[Entries supplied — start]
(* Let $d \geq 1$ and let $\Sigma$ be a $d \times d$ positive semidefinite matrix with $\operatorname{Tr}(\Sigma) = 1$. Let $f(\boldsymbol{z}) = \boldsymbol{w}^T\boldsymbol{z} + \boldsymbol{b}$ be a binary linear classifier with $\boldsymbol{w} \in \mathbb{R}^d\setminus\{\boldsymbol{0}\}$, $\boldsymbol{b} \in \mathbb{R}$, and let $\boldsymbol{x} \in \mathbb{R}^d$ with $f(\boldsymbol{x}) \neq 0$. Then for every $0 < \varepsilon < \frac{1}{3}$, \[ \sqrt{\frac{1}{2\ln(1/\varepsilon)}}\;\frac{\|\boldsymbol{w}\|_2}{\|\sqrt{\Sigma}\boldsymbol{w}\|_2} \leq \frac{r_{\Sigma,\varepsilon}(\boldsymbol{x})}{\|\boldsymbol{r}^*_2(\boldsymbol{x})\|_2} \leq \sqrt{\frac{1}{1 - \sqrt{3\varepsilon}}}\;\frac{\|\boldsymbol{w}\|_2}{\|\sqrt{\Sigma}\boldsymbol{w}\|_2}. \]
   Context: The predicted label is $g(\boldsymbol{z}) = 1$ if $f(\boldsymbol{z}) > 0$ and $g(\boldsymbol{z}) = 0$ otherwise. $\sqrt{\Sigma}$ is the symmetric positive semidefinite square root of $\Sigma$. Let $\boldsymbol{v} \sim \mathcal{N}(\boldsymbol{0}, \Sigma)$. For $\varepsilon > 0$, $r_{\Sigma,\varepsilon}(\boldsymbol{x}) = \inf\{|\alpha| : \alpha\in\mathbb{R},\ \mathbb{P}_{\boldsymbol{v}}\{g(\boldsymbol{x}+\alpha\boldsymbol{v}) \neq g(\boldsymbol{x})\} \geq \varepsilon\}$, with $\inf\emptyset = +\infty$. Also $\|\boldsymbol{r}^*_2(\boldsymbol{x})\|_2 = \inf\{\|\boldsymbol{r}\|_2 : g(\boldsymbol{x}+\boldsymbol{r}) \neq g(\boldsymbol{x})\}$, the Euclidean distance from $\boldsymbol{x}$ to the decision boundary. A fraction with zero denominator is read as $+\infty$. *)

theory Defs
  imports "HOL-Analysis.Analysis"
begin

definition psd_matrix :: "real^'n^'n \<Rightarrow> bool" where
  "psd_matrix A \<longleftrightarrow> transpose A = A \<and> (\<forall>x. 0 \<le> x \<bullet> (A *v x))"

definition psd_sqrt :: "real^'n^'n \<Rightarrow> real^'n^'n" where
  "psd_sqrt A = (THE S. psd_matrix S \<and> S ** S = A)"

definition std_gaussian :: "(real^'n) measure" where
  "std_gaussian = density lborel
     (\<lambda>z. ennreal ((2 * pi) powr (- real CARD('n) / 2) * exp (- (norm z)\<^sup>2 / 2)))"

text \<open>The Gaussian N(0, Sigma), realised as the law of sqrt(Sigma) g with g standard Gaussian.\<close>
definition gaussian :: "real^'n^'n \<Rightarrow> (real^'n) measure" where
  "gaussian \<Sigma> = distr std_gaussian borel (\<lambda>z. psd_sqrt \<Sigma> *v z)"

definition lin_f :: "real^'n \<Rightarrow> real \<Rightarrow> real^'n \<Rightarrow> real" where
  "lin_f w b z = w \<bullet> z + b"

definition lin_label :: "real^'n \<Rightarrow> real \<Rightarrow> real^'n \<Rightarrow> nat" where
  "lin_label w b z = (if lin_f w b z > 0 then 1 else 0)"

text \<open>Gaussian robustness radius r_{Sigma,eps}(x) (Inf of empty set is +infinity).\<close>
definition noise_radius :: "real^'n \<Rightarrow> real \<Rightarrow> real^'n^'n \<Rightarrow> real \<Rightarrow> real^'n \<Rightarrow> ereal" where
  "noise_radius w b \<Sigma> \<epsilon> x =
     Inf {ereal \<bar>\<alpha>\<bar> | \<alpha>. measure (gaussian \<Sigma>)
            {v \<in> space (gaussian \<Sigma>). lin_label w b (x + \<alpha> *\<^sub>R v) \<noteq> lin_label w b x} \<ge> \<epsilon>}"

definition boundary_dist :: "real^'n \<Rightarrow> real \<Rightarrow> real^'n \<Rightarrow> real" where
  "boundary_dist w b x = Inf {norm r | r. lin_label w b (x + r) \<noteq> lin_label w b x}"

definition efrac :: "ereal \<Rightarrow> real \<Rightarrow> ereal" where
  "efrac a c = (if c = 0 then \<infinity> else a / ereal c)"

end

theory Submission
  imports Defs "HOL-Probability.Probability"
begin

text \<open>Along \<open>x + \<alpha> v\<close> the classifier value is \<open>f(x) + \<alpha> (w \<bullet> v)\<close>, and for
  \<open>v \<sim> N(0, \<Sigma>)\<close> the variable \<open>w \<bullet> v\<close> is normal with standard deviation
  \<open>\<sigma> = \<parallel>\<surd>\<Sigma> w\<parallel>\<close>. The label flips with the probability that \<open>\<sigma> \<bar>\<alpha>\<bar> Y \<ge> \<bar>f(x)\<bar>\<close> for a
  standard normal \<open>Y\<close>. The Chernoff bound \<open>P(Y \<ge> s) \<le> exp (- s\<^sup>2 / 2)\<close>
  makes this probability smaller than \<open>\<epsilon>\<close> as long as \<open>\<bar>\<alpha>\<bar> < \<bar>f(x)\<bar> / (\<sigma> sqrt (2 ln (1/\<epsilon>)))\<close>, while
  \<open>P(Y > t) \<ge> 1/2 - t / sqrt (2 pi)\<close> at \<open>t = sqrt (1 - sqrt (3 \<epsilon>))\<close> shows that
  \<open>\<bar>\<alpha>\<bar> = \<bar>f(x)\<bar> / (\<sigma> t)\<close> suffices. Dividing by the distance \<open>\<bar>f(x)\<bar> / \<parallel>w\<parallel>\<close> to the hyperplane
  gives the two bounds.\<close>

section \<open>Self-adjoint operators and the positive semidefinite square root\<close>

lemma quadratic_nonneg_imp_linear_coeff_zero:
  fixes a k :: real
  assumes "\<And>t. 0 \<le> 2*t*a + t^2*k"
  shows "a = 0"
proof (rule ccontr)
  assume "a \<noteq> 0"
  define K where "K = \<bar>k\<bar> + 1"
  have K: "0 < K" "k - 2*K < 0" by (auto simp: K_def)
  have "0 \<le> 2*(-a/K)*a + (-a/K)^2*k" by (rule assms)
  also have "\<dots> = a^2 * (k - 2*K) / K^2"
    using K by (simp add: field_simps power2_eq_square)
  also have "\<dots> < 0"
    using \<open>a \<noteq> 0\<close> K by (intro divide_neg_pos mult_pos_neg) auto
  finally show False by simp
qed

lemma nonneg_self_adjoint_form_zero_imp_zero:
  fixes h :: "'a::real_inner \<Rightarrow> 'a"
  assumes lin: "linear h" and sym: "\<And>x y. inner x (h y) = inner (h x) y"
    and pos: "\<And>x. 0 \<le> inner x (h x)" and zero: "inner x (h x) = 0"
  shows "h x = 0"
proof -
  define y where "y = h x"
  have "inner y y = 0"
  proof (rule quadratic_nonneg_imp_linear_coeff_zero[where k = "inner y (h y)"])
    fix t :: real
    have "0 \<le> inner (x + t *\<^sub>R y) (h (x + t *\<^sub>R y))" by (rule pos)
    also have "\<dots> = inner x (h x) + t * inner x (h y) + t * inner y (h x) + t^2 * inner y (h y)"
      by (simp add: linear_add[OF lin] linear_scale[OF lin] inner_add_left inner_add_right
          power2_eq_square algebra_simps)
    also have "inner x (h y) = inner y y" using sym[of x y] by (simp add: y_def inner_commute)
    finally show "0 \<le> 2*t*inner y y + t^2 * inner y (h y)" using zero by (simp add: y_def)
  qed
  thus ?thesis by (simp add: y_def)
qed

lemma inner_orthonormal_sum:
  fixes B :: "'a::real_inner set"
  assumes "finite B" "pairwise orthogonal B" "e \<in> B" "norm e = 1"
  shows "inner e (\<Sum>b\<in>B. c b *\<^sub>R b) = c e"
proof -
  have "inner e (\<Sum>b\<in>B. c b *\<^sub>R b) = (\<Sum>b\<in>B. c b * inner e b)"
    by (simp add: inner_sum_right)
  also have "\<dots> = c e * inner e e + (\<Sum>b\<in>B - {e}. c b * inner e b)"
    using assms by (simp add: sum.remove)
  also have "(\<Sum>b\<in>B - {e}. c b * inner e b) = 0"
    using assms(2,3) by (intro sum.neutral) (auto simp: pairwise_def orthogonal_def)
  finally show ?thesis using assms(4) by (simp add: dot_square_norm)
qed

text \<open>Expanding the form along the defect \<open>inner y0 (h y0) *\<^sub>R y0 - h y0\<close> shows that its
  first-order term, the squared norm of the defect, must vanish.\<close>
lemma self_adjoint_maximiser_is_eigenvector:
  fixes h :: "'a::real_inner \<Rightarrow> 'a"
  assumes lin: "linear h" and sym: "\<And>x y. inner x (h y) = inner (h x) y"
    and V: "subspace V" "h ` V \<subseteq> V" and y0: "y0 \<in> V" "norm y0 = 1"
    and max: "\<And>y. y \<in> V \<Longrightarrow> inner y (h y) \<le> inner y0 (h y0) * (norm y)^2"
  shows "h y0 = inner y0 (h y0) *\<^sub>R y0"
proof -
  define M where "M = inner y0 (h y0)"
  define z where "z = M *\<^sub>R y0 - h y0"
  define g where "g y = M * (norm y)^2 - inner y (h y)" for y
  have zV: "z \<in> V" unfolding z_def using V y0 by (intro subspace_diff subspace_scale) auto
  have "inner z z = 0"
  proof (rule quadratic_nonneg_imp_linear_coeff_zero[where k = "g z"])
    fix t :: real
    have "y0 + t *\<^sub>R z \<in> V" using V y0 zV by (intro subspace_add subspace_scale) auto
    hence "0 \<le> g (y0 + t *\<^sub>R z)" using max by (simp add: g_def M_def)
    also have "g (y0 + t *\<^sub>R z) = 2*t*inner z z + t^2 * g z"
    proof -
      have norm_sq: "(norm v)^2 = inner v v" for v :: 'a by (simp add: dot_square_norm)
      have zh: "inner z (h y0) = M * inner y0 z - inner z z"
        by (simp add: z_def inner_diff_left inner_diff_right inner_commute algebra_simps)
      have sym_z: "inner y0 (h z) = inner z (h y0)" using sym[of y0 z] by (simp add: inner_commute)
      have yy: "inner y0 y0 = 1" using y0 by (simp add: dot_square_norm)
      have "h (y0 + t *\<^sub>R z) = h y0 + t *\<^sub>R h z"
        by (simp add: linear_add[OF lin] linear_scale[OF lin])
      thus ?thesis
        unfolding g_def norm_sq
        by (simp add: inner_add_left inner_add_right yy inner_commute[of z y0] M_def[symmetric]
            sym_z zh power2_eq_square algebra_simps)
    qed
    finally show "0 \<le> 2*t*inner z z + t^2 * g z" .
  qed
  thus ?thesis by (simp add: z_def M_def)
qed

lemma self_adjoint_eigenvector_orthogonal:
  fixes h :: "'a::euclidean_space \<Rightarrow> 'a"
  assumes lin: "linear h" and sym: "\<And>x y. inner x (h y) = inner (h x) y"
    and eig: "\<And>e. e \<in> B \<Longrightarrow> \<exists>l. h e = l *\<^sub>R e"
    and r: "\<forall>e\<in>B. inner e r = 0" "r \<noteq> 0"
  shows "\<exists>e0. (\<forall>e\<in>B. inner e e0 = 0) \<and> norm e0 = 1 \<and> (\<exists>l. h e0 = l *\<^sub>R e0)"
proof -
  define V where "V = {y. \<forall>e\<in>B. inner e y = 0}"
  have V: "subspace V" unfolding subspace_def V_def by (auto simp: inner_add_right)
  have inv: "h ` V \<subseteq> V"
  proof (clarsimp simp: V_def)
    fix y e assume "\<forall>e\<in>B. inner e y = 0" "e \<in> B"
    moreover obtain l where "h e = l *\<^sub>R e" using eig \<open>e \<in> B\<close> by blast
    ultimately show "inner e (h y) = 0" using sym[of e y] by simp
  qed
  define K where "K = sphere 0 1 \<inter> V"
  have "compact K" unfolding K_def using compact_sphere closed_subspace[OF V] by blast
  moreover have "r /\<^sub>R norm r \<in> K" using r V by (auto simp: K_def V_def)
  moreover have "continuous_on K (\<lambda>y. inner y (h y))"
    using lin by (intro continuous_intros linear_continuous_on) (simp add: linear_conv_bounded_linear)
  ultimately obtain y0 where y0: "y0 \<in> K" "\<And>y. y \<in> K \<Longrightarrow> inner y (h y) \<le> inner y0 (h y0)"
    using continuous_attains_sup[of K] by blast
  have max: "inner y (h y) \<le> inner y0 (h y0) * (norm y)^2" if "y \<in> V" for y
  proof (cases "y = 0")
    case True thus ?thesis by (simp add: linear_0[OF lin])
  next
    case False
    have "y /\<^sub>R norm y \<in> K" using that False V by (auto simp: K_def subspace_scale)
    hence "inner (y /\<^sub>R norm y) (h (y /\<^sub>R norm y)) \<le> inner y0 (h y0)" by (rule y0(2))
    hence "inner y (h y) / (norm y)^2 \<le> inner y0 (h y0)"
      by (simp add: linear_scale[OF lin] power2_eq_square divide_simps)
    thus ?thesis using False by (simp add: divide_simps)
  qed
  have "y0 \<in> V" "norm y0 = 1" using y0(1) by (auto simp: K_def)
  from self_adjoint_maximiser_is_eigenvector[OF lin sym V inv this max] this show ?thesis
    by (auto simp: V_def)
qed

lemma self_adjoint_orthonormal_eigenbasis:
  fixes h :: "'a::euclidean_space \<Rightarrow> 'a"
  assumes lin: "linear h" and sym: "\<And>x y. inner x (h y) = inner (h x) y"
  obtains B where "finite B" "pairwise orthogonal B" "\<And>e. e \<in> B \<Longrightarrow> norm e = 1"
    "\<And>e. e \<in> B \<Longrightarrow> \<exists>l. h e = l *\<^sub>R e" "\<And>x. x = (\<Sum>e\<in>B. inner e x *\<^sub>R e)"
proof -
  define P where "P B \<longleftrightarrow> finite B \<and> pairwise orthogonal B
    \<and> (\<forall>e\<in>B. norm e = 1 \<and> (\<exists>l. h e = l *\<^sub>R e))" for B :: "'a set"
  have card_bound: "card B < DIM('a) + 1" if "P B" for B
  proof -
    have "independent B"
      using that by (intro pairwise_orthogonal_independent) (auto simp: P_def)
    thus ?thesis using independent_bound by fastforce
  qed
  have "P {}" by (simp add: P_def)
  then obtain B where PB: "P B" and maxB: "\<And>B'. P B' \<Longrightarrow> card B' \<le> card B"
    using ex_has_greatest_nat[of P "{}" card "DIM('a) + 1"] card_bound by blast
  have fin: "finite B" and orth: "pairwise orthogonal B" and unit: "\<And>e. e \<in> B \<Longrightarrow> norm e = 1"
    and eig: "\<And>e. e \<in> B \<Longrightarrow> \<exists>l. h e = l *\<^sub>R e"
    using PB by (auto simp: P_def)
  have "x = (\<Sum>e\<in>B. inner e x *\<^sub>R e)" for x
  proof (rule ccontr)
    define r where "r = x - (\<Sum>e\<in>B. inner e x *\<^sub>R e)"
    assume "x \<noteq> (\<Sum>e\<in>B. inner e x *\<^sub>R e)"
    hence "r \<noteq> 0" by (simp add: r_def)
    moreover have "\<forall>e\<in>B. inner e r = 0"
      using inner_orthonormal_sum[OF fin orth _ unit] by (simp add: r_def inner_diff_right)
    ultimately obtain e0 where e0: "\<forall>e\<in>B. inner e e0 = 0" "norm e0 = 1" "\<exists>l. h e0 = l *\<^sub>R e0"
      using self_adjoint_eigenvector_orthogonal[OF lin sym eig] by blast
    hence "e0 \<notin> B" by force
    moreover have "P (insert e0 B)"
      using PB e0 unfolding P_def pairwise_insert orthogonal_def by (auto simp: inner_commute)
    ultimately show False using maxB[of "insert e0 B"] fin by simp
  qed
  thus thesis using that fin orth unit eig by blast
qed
[Entries supplied — finish]
=== Task statement ===
Which lines of the entries contain "False"? Count them and write only the number.

=== Exercise output ===
5